## Directions for this task
Print the lines in the listing below that fall between the line with "i) = (\<Sum>I<k." and the line with "section \<open>Positive semidefinite", those two lines included, exactly as they stand and with nothing else.

## Raw data
(* Let $|\psi\rangle,|\phi\rangle\in\mathcal{H}'$ be pure states with $\mathcal{C}(|\phi\rangle)>\mathcal{C}(|\psi\rangle)$. Then the maximum probability of transforming $|\psi\rangle$ into $|\phi\rangle$ using Z$_2$-invariant operations is $$P(|\psi\rangle\to|\phi\rangle)=\frac{\mathcal{C}(|\psi\rangle)}{\mathcal{C}(|\phi\rangle)}.$$
   Context: $\mathcal{H}'$ is a two-dimensional Hilbert space with orthonormal basis $|0\rangle,|1\rangle$; $\pi=|0\rangle\langle0|-|1\rangle\langle1|$. A Z$_2$-invariant operation is a completely positive, trace-nonincreasing linear map $\mathcal{E}$ on operators on $\mathcal{H}'$ with $\mathcal{E}(\pi X\pi)=\pi\mathcal{E}(X)\pi$ for all $X$. The probability of transforming $|\psi\rangle$ into $|\phi\rangle$ is the largest $\lambda$ such that some Z$_2$-invariant operation $\mathcal{E}$ satisfies $\mathcal{E}(|\psi\rangle\langle\psi|)=\lambda|\phi\rangle\langle\phi|$. For a pure state $|\chi\rangle$, $\mathcal{C}(|\chi\rangle)=2\min\{|\langle0|\chi\rangle|^2,|\langle1|\chi\rangle|^2\}$. *)

theory Defs
  imports Complex_Main "Jordan_Normal_Form.Matrix"
begin

text \<open>Operators on the qubit space H' = C^2 are 2x2 complex matrices (basis |0>,|1>).
  Pure states are unit vectors in C^2.\<close>

definition psd :: "nat \<Rightarrow> complex mat \<Rightarrow> bool" where
  "psd n A \<longleftrightarrow> A \<in> carrier_mat n n \<and>
     (\<forall>v \<in> carrier_vec n.
        (\<Sum>i<n. \<Sum>j<n. cnj (v $ i) * A $$ (i, j) * v $ j) \<in> \<real> \<and>
        0 \<le> Re (\<Sum>i<n. \<Sum>j<n. cnj (v $ i) * A $$ (i, j) * v $ j))"

definition lin_map2 :: "(complex mat \<Rightarrow> complex mat) \<Rightarrow> bool" where
  "lin_map2 E \<longleftrightarrow>
     (\<forall>X \<in> carrier_mat 2 2. E X \<in> carrier_mat 2 2) \<and>
     (\<forall>X \<in> carrier_mat 2 2. \<forall>Y \<in> carrier_mat 2 2. \<forall>a b.
        E (a \<cdot>\<^sub>m X + b \<cdot>\<^sub>m Y) = a \<cdot>\<^sub>m E X + b \<cdot>\<^sub>m E Y)"

text \<open>id_k \<otimes> E applied to a (2k)x(2k) matrix viewed as a k x k array of 2x2 blocks.\<close>
definition ampl :: "nat \<Rightarrow> (complex mat \<Rightarrow> complex mat) \<Rightarrow> complex mat \<Rightarrow> complex mat" where
  "ampl k E M = mat (2*k) (2*k) (\<lambda>(i, j).
      E (mat 2 2 (\<lambda>(r, s). M $$ (2 * (i div 2) + r, 2 * (j div 2) + s))) $$ (i mod 2, j mod 2))"

definition completely_positive :: "(complex mat \<Rightarrow> complex mat) \<Rightarrow> bool" where
  "completely_positive E \<longleftrightarrow>
     (\<forall>k. \<forall>M. psd (2*k) M \<longrightarrow> psd (2*k) (ampl k E M))"

definition trace_nonincreasing :: "(complex mat \<Rightarrow> complex mat) \<Rightarrow> bool" where
  "trace_nonincreasing E \<longleftrightarrow> (\<forall>X. psd 2 X \<longrightarrow> Re (E X $$ (0,0) + E X $$ (1,1)) \<le> Re (X $$ (0,0) + X $$ (1,1)))"

definition piZ :: "complex mat" where
  "piZ = mat 2 2 (\<lambda>(i, j). if i = j then (if i = 0 then 1 else -1) else 0)"

definition Z2_invariant_op :: "(complex mat \<Rightarrow> complex mat) \<Rightarrow> bool" where
  "Z2_invariant_op E \<longleftrightarrow> lin_map2 E \<and> completely_positive E \<and> trace_nonincreasing E \<and>
     (\<forall>X \<in> carrier_mat 2 2. E (piZ * X * piZ) = piZ * E X * piZ)"

definition pure_state :: "complex vec \<Rightarrow> bool" where
  "pure_state v \<longleftrightarrow> v \<in> carrier_vec 2 \<and> (cmod (v $ 0))\<^sup>2 + (cmod (v $ 1))\<^sup>2 = 1"

definition proj :: "complex vec \<Rightarrow> complex mat" where
  "proj v = mat 2 2 (\<lambda>(i, j). v $ i * cnj (v $ j))"

definition transf_set :: "complex vec \<Rightarrow> complex vec \<Rightarrow> real set" where
  "transf_set \<psi> \<phi> = {p. \<exists>E. Z2_invariant_op E \<and> E (proj \<psi>) = complex_of_real p \<cdot>\<^sub>m proj \<phi>}"

definition coh :: "complex vec \<Rightarrow> real" where
  "coh v = 2 * min ((cmod (v $ 0))\<^sup>2) ((cmod (v $ 1))\<^sup>2)"

end

theory Submission
  imports Defs
begin

text \<open>Z2-covariance forces \<open>E\<close> to map \<open>|0\<rangle>\<langle>0|\<close> and \<open>|1\<rangle>\<langle>1|\<close> to diagonal matrices
  \<open>diag(x0, x1)\<close>, \<open>diag(y0, y1)\<close> and \<open>|0\<rangle>\<langle>1|\<close>, \<open>|1\<rangle>\<langle>0|\<close> to off-diagonal ones, with corner
  entries \<open>u\<close>, \<open>w\<close>. With populations \<open>a, b\<close> of \<open>\<psi>\<close> and \<open>c, d\<close> of \<open>\<phi>\<close>, the equation
  \<open>E(\<psi>\<psi>\<^sup>*) = p \<phi>\<phi>\<^sup>*\<close> gives \<open>a x0 + b y0 = p c\<close>, \<open>a x1 + b y1 = p d\<close> and
  \<open>p\<^sup>2 c d \<le> a b (|u| + |w|)\<^sup>2\<close>. The Choi matrix of \<open>E\<close> is positive semidefinite, so its 2x2
  principal minors give \<open>|u|\<^sup>2 \<le> x0 y1\<close> and \<open>|w|\<^sup>2 \<le> x1 y0\<close>, and trace non-increase gives
  \<open>x0 + x1 \<le> 1\<close>, \<open>y0 + y1 \<le> 1\<close>. Together these turn the AM-GM inequality for
  \<open>a x0 \<cdot> a x1\<close> and \<open>b y0 \<cdot> b y1\<close> into an equality, which forces \<open>p min(c,d) \<le> min(a,b)\<close>.
  The bound is attained by a single diagonal or antidiagonal Kraus operator rescaling the
  amplitudes of \<open>\<psi>\<close> to those of \<open>\<phi>\<close>.\<close>

lemma sum_lessThan_2: "(\<Sum>i<(2::nat). f i) = f 0 + (f 1 :: 'a::comm_monoid_add)"
  by (simp add: numeral_2_eq_2 lessThan_Suc add.commute)

lemma sum_lessThan_4: "(\<Sum>i<(4::nat). f i) = f 0 + f 1 + f 2 + (f 3 :: 'a::comm_monoid_add)"
  by (simp add: numeral_eq_Suc lessThan_Suc ac_simps)

lemma sum_lessThan_double:
  "(\<Sum>i<2*(k::nat). f i) = (\<Sum>I<k. \<Sum>t<2. (f (2*I+t) :: 'a::comm_monoid_add))"
  by (induction k) (simp_all add: sum_lessThan_2 ac_simps)

lemma sum_supported_on_two:
  fixes h :: "nat \<Rightarrow> 'a::comm_monoid_add"
  assumes "i < n" "j < n" "i \<noteq> j" "\<And>l. l < n \<Longrightarrow> l \<noteq> i \<Longrightarrow> l \<noteq> j \<Longrightarrow> h l = 0"
  shows "(\<Sum>l<n. h l) = h i + h j"
proof -
  have "(\<Sum>l<n. h l) = (\<Sum>l\<in>{i,j}. h l)"
    by (rule sum.mono_neutral_right) (use assms in auto)
  then show ?thesis using assms by simp
qed

lemma less_2_iff: "(i::nat) < 2 \<longleftrightarrow> i = 0 \<or> i = 1"
  by auto

lemma mult_cnj_self: "z * cnj z = (complex_of_real (cmod z))^2"
  by (metis complex_norm_square of_real_power)

section \<open>Positive semidefinite matrices\<close>

lemma psd_quadratic_form_pair:
  fixes a b :: complex
  assumes "psd n A" "i < n" "j < n" "i \<noteq> j"
  defines "q \<equiv> cnj a * A$$(i,i) * a + cnj a * A$$(i,j) * b
    + cnj b * A$$(j,i) * a + cnj b * A$$(j,j) * b"
  shows "q \<in> \<real>" "0 \<le> Re q"
proof -
  define v where "v = vec n (\<lambda>k. if k = i then a else if k = j then b else 0)"
  have v: "v \<in> carrier_vec n" "v $ i = a" "v $ j = b"
    and v0: "\<And>k. k < n \<Longrightarrow> k \<noteq> i \<Longrightarrow> k \<noteq> j \<Longrightarrow> v $ k = 0"
    using assms unfolding v_def by auto
  have row: "(\<Sum>l<n. cnj (v $ k) * A $$ (k, l) * v $ l)
      = cnj (v $ k) * A $$ (k, i) * a + cnj (v $ k) * A $$ (k, j) * b" for k
    by (subst sum_supported_on_two[OF assms(2-4)]) (use v v0 in auto)
  have "(\<Sum>k<n. \<Sum>l<n. cnj (v $ k) * A $$ (k, l) * v $ l) = q"
    unfolding row q_def
    by (subst sum_supported_on_two[OF assms(2-4)]) (use v v0 in \<open>auto simp: ac_simps\<close>)
  then show "q \<in> \<real>" "0 \<le> Re q"
    using assms(1) v(1) unfolding psd_def by blast+
qed

lemma psd_diag_real:
  assumes "psd n A" "i < n"
  shows "A$$(i,i) \<in> \<real>" "0 \<le> Re (A$$(i,i))"
proof -
  define v :: "complex vec" where "v = vec n (\<lambda>k. if k = i then 1 else 0)"
  have "v \<in> carrier_vec n" by (simp add: v_def)
  then have "(\<Sum>k<n. \<Sum>l<n. cnj (v $ k) * A $$ (k, l) * v $ l) \<in> \<real> \<and>
      0 \<le> Re (\<Sum>k<n. \<Sum>l<n. cnj (v $ k) * A $$ (k, l) * v $ l)"
    using assms(1) unfolding psd_def by blast
  moreover have "(\<Sum>k<n. \<Sum>l<n. cnj (v $ k) * A $$ (k, l) * v $ l) = A$$(i,i)"
    using assms(2)
    by (simp add: v_def if_distrib[of cnj] if_distrib[of "\<lambda>x. x * _"] if_distrib[of "\<lambda>x. _ * x"]
        cong: if_cong)
  ultimately show "A$$(i,i) \<in> \<real>" "0 \<le> Re (A$$(i,i))"
    by simp_all
qed

lemma psd_hermitian:
  assumes "psd n A" "i < n" "j < n" "i \<noteq> j"
  shows "A$$(j,i) = cnj (A$$(i,j))"
proof -
  note q = psd_quadratic_form_pair(1)[OF assms]
  have "Im (A$$(i,i) + A$$(i,j) + A$$(j,i) + A$$(j,j)) = 0"
    using q[of 1 1] by (simp add: complex_is_Real_iff)
  moreover have "Im (A$$(i,i) + A$$(i,j) * \<i> - \<i> * A$$(j,i) + A$$(j,j)) = 0"
    using q[of 1 \<i>] by (simp add: complex_is_Real_iff algebra_simps)
  moreover have "Im (A$$(i,i)) = 0" "Im (A$$(j,j)) = 0"
    using psd_diag_real(1)[OF assms(1,2)] psd_diag_real(1)[OF assms(1,3)]
    by (simp_all add: complex_is_Real_iff)
  ultimately show ?thesis by (simp add: complex_eq_iff)
qed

## Task solution
  "(\<Sum>i<2*(k::nat). f i) = (\<Sum>I<k. \<Sum>t<2. (f (2*I+t) :: 'a::comm_monoid_add))"
  by (induction k) (simp_all add: sum_lessThan_2 ac_simps)

lemma sum_supported_on_two:
  fixes h :: "nat \<Rightarrow> 'a::comm_monoid_add"
  assumes "i < n" "j < n" "i \<noteq> j" "\<And>l. l < n \<Longrightarrow> l \<noteq> i \<Longrightarrow> l \<noteq> j \<Longrightarrow> h l = 0"
  shows "(\<Sum>l<n. h l) = h i + h j"
proof -
  have "(\<Sum>l<n. h l) = (\<Sum>l\<in>{i,j}. h l)"
    by (rule sum.mono_neutral_right) (use assms in auto)
  then show ?thesis using assms by simp
qed

lemma less_2_iff: "(i::nat) < 2 \<longleftrightarrow> i = 0 \<or> i = 1"
  by auto

lemma mult_cnj_self: "z * cnj z = (complex_of_real (cmod z))^2"
  by (metis complex_norm_square of_real_power)

section \<open>Positive semidefinite matrices\<close>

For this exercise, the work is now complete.